Records from a collection:
>>
lemma bd_wedge_list_Cons_Cons:
  assumes "degree_one n x" "degree_one n y" "bd n x {} = bd n y {}"
  shows "bd n (wedge_list (x # y # ys)) = - wedge (x - y) (bd n (wedge_list (y # ys)))"
proof -
  have "wedge_list (x # y # ys) = wedge (x - y) (wedge_list (y # ys))"
    using wedge_degree_one_self[OF assms(2)] by (simp add: wedge_list_Cons wedge_diff_left)
  then show ?thesis
    using assms by (simp add: bd_wedge_degree_one degree_one_diff vanishes_on_infinite_wedge_list
        bd_diff ext_smult_zero_left)
qed

lemma bd_wedge_list_upt:
  assumes "\<forall>s\<in>{i..i + p}. degree_one n (a s) \<and> bd n (a s) {} = c"
  shows "bd n (wedge_list (map a [i..<i + p + 1]))
    = ext_smult ((-1) ^ p * c) (wedge_list (map (\<lambda>s. a s - a (s + 1)) [i..<i + p]))"
  using assms
proof (induction p arbitrary: i)
  case 0
  then show ?case
    using bd_wedge_list[of "[a i]" n c] by (simp add: alt_deletions_def del_nth_def ext_smult_one)
next
  case (Suc p)
  let ?d = "\<lambda>s. a s - a (s + 1)"
  have split: "map a [i..<i + Suc p + 1] = a i # map a [i + 1..<i + 1 + p + 1]"
    "map a [i + 1..<i + 1 + p + 1] = a (i + 1) # map a [i + 2..<i + 1 + p + 1]"
    "map ?d [i..<i + Suc p] = ?d i # map ?d [i + 1..<i + 1 + p]"
    by (simp_all add: upt_conv_Cons del: upt_Suc)
  have ai: "degree_one n (a i)" "degree_one n (a (i + 1))" "bd n (a i) {} = bd n (a (i + 1)) {}"
    using Suc.prems by auto
  have "bd n (wedge_list (map a [i..<i + Suc p + 1]))
      = - wedge (?d i) (bd n (wedge_list (map a [i + 1..<i + 1 + p + 1])))"
    unfolding split(1) unfolding split(2) by (rule bd_wedge_list_Cons_Cons[OF ai])
  also have "\<dots> = ext_smult ((-1) ^ Suc p * c) (wedge_list (map ?d [i..<i + Suc p]))"
    using Suc.prems unfolding split(3)
    by (subst Suc.IH)
      (auto simp: wedge_smult_right wedge_list_Cons ext_smult_minus_left simp del: upt_Suc)
  finally show ?case .
qed

lemma bd_eS:
  assumes "set S \<subseteq> {1..n}"
  shows "bd n (eS S) = (alt_deletions (map gen S) :: 'r::comm_ring_1 ext)"
proof -
  have "degree_one n (gen i) \<and> bd n (gen i) {} = (1 :: 'r)" if "i \<in> set S" for i
    using that assms degree_one_gen[of i n] bd_gen_apply_empty[of i n] by auto
  then have "\<forall>x\<in>set (map gen S :: 'r ext list). degree_one n x \<and> bd n x {} = 1" by auto
  then have "bd n (wedge_list (map gen S)) = ext_smult 1 (alt_deletions (map gen S) :: 'r ext)"
    by (rule bd_wedge_list)
  then show ?thesis by (simp add: eS_def ext_smult_one)
qed

section \<open>Latin hypercubes\<close>

lemma length_del_nth: "j < length xs \<Longrightarrow> length (del_nth j xs) = length xs - 1"
  by (simp add: del_nth_def)

lemma set_del_nth: "set (del_nth j xs) \<subseteq> set xs"
  by (auto simp: del_nth_def dest: in_set_takeD in_set_dropD)

lemma del_nth_map: "del_nth j (map f xs) = map f (del_nth j xs)"
  by (simp add: del_nth_def take_map drop_map)
lemma lcm_dseq_H_eq:
  assumes i: "i < length H"
  shows "lcm (dseq H i) (H ! i) = lcm (dseq G (orig i)) (G ! orig i)"
proof -
  consider "i < p" | "i = p" | "p < i" "i < q" | "q \<le> i"
    using p_less_q by linarith
  then show ?thesis
  proof cases
    case 1
    then have "take i H = take i G"
      by (simp add: take_H_eq)
    then show ?thesis
      using 1 i p_less_q nth_H by (simp add: dseq_def orig_def)
  next
    case 2
    have "dseq G q dvd dseq G p"
      using p_less_q by (simp add: dseq_antimono)
    then have "lcm (dseq G p) (G ! p) = lcm (dseq G p) (G ! q)"
      by (simp add: nth_p_eq_lcm lcm.assoc[symmetric] lcm_proj1_if_dvd)
    then show ?thesis
      using 2 p_less_q by (simp add: nth_H_p take_H_eq dseq_def orig_def)
  next
    case 3
    then have orig: "orig i = i"
      by (simp add: orig_def)
    have "lcm (dseq H i) (G ! i) = lcm (dseq G i) (G ! i)"
    proof (rule lcm_eq_lcm_if_gcd_bounds)
      show "dseq H i dvd dseq G i" "gcd (dseq G i) (G ! q) dvd dseq H i"
        using dseq_H_dvd[of i] gcd_dvd_dseq_H[of i] 3 i orig by (simp_all add: gcd.commute)
      show "dseq G q dvd dseq G i" "dseq G q dvd G ! i"
        using 3 q_less by (simp_all add: dseq_antimono dseq_dvd_nth)
      show "dseq G i dvd lcm (dseq G q) (G ! q)"
        using 3 q_less by (simp flip: nth_p_eq_lcm add: dseq_dvd_nth)
    qed
    then show ?thesis
      using 3 i orig nth_H by simp
  next
    case 4
    then have orig: "orig i = Suc i"
      by (simp add: orig_def)
    have "dseq G (Suc i) dvd G ! q"
      using 4 q_less by (simp add: dseq_dvd_nth)
    then have "dseq G (Suc i) dvd dseq H i"
      using gcd_dvd_dseq_H[of i] 4 i p_less_q orig by (simp add: gcd_nat.absorb2)
    then have "dseq H i = dseq G (Suc i)"
      using dseq_H_dvd[of i] 4 i p_less_q orig by (simp add: dvd_antisym)
    then show ?thesis
      using 4 i p_less_q orig nth_H by simp
  qed
qed

lemma telescopic_H:
  assumes telescopic: "telescopic G"
  shows "telescopic H"
proof -
  have G0: "0 < G ! 0"
    using telescopic by (simp add: telescopic_iff_lcm)
  have "0 < H ! 0"
  proof (cases "p = 0")
    case True
    then show ?thesis
      using G0 nth_H_p nth_p_eq_lcm by (auto intro: Nat.gr0I)
  next
    case False
    then show ?thesis
      using G0 nth_H[of 0] length_H p_less_q q_less by (simp add: orig_def)
  qed
  moreover have "0 < length H"
    using length_H p_less_q q_less by simp
  moreover have "lcm (dseq H i) (H ! i) \<in> add_closure (set (take i H))"
    if "1 \<le> i" "i < length H" for i
  proof -
    have "1 \<le> orig i" "orig i < length G"
      using that orig_less_length by (auto simp: orig_def)
    then have "lcm (dseq G (orig i)) (G ! orig i) \<in> add_closure (set (take (orig i) G))"
      using telescopic by (simp add: telescopic_iff_lcm)
    then show ?thesis
      using lcm_dseq_H_eq[of i] add_closure_take_G_subset[of i] that by auto
  qed
  ultimately show ?thesis
    by (simp add: telescopic_iff_lcm)
qed

lemma add_closure_H: "add_closure (set H) = add_closure (set G)"
proof
  have H_len: "p < length H" "orig (length H) = length G"
    using length_H p_less_q q_less by (auto simp: orig_def)
  show "add_closure (set G) \<subseteq> add_closure (set H)"
    using add_closure_take_G_subset[of "length H"] H_len by simp
  have "set H \<subseteq> insert (G ! q) (set G)"
    using set_take_H_subset[of "length H"] H_len by simp
  moreover have "G ! q \<in> add_closure (set G)"
    using q_less by (simp add: add_closure_base)
  ultimately show "add_closure (set H) \<subseteq> add_closure (set G)"
    by (rule add_closure_subset_insert)
qed

end

theorem mainTheorem17:
  fixes G :: "nat list" and n m :: nat
  assumes "telescopic G"
    and "1 < n" and "n < m" and "m \<le> length G"
    and "G ! (n - 1) = cseq G m * G ! (m - 1)"
  shows "let G' = G[n - 1 := G ! (m - 1)]; H = take (m - 1) G' @ drop m G'
         in telescopic H \<and> semigrp H = semigrp G"
proof -
  have "G ! (n - 1) = lcm (dseq G (m - 1)) (G ! (m - 1))"
    using assms(3-5) cseq_mult_nth_eq_lcm[of "m - 1" G] by simp
  then interpret lcm_exchange G "n - 1" "m - 1"
    using assms(2-4) by unfold_locales auto
  have "swap_delete G (n - 1) (m - 1)
        = take (m - 1) (G[n - 1 := G ! (m - 1)]) @ drop m (G[n - 1 := G ! (m - 1)])"
    using assms(3) by (simp add: swap_delete_def)
  then show ?thesis
    using telescopic_H[OF assms(1)] add_closure_H by (simp add: semigrp_eq_add_closure)
qed

end
lemma rot_mult_unit_vector:
  "rot a *v vector [cos \<phi>, sin \<phi>] = vector [cos (\<phi> + a), sin (\<phi> + a)]"
  by (simp add: rot_def vec_eq_iff forall_2 matrix_vector_mult_def sum_2 cos_add sin_add algebra_simps)

definition angle_sum :: "(nat \<Rightarrow> real) \<Rightarrow> (nat \<Rightarrow> nat) \<Rightarrow> nat \<Rightarrow> real" where
  "angle_sum \<theta> \<sigma> t = (\<Sum>i<t. \<theta> (\<sigma> i))"

lemma angle_sum_Suc: "angle_sum \<theta> \<sigma> (Suc t) = \<theta> (\<sigma> 0) + angle_sum \<theta> (\<sigma> \<circ> Suc) t"
  unfolding angle_sum_def by (subst sum.lessThan_Suc_shift) simp

lemma sw_traj_scaled_rot:
  "sw_traj (\<lambda>i. r *\<^sub>R rot (\<theta> i)) (vector [cos \<phi>, sin \<phi>]) \<sigma> t
     = r ^ t *\<^sub>R vector [cos (\<phi> + angle_sum \<theta> \<sigma> t), sin (\<phi> + angle_sum \<theta> \<sigma> t)]"
proof (induction t)
  case 0
  show ?case by (simp add: angle_sum_def)
next
  case (Suc t)
  have "sw_traj (\<lambda>i. r *\<^sub>R rot (\<theta> i)) (vector [cos \<phi>, sin \<phi>]) \<sigma> (Suc t)
      = (r *\<^sub>R rot (\<theta> (\<sigma> t))) *v (r ^ t *\<^sub>R vector [cos (\<phi> + angle_sum \<theta> \<sigma> t), sin (\<phi> + angle_sum \<theta> \<sigma> t)])"
    using Suc by simp
  also have "\<dots> = r ^ Suc t *\<^sub>R (rot (\<theta> (\<sigma> t)) *v vector [cos (\<phi> + angle_sum \<theta> \<sigma> t), sin (\<phi> + angle_sum \<theta> \<sigma> t)])"
    by (simp add: scaleR_matrix_vector_assoc[symmetric] matrix_vector_mult_scaleR)
  also have "\<dots> = r ^ Suc t *\<^sub>R vector [cos (\<phi> + angle_sum \<theta> \<sigma> (Suc t)), sin (\<phi> + angle_sum \<theta> \<sigma> (Suc t))]"
    by (simp add: rot_mult_unit_vector angle_sum_def algebra_simps)
  finally show ?case .
qed

definition circle_cost :: "real \<Rightarrow> (nat \<Rightarrow> real) \<Rightarrow> (nat \<Rightarrow> nat) \<Rightarrow> real \<Rightarrow> real" where
  "circle_cost q \<theta> \<sigma> \<phi> = (\<Sum>t. q ^ t * (1 + (sin (\<phi> + angle_sum \<theta> \<sigma> t))\<^sup>2))"

definition circle_value :: "real \<Rightarrow> (nat \<Rightarrow> real) \<Rightarrow> real \<Rightarrow> real" where
  "circle_value q \<theta> \<phi> = (INF \<sigma>\<in>switching_signals. circle_cost q \<theta> \<sigma> \<phi>)"

lemma opt_value_scaled_rot:
  "opt_value (\<lambda>i. r *\<^sub>R rot (\<theta> i)) (\<lambda>x. (x $ 1)\<^sup>2 + 2 * (x $ 2)\<^sup>2) (vector [cos \<phi>, sin \<phi>])
     = circle_value (r\<^sup>2) \<theta> \<phi>"
proof -
  have "(c *\<^sub>R vector [cos \<psi>, sin \<psi>] :: real^2) $ 1 ^ 2 + 2 * (c *\<^sub>R vector [cos \<psi>, sin \<psi>] :: real^2) $ 2 ^ 2
      = c\<^sup>2 * (1 + (sin \<psi>)\<^sup>2)" for c \<psi>
  proof -
    have "c\<^sup>2 * (cos \<psi>)\<^sup>2 + c\<^sup>2 * (sin \<psi>)\<^sup>2 = c\<^sup>2"
      by (simp flip: distrib_left)
    then show ?thesis by (simp add: algebra_simps)
  qed
  moreover have "(r ^ t)\<^sup>2 = (r\<^sup>2) ^ t" for t :: nat
    by (metis power_mult mult.commute)
  ultimately show ?thesis
    unfolding opt_value_def circle_value_def circle_cost_def sw_traj_scaled_rot by simp
qed

lemma switching_signals_nonempty: "switching_signals \<noteq> {}"
  by (auto simp: switching_signals_def)

lemma switching_signals_Suc: "\<sigma> \<in> switching_signals \<Longrightarrow> \<sigma> \<circ> Suc \<in> switching_signals"
  by (simp add: switching_signals_def)

context
  fixes q :: real
  assumes q_nonneg: "0 \<le> q" and q_less_1: "q < 1"
begin

lemma summable_circle_cost:
  "summable (\<lambda>t. q ^ t * (1 + (sin (\<phi> + angle_sum \<theta> \<sigma> t))\<^sup>2))"
proof (rule summable_comparison_test')
  show "summable (\<lambda>t. 2 * q ^ t)"
    using q_nonneg q_less_1 by (intro summable_mult summable_geometric) simp
  show "norm (q ^ t * (1 + (sin (\<phi> + angle_sum \<theta> \<sigma> t))\<^sup>2)) \<le> 2 * q ^ t" for t
  proof -
    have "q ^ t * (1 + (sin (\<phi> + angle_sum \<theta> \<sigma> t))\<^sup>2) \<le> q ^ t * 2"
      using q_nonneg abs_square_le_1[of "sin (\<phi> + angle_sum \<theta> \<sigma> t)"]
      by (intro mult_left_mono) auto
    then show ?thesis
      using q_nonneg by (simp add: mult.commute)
  qed
qed

lemma circle_cost_nonneg: "0 \<le> circle_cost q \<theta> \<sigma> \<phi>"
  unfolding circle_cost_def using q_nonneg by (intro suminf_nonneg summable_circle_cost) simp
<<
ACTIVITY =
Reproduce the records above exactly, from the first line through the line containing "ys) = wedge", and output nothing else.

RESULT FOR THIS EXERCISE =
lemma bd_wedge_list_Cons_Cons:
  assumes "degree_one n x" "degree_one n y" "bd n x {} = bd n y {}"
  shows "bd n (wedge_list (x # y # ys)) = - wedge (x - y) (bd n (wedge_list (y # ys)))"
proof -
  have "wedge_list (x # y # ys) = wedge (x - y) (wedge_list (y # ys))"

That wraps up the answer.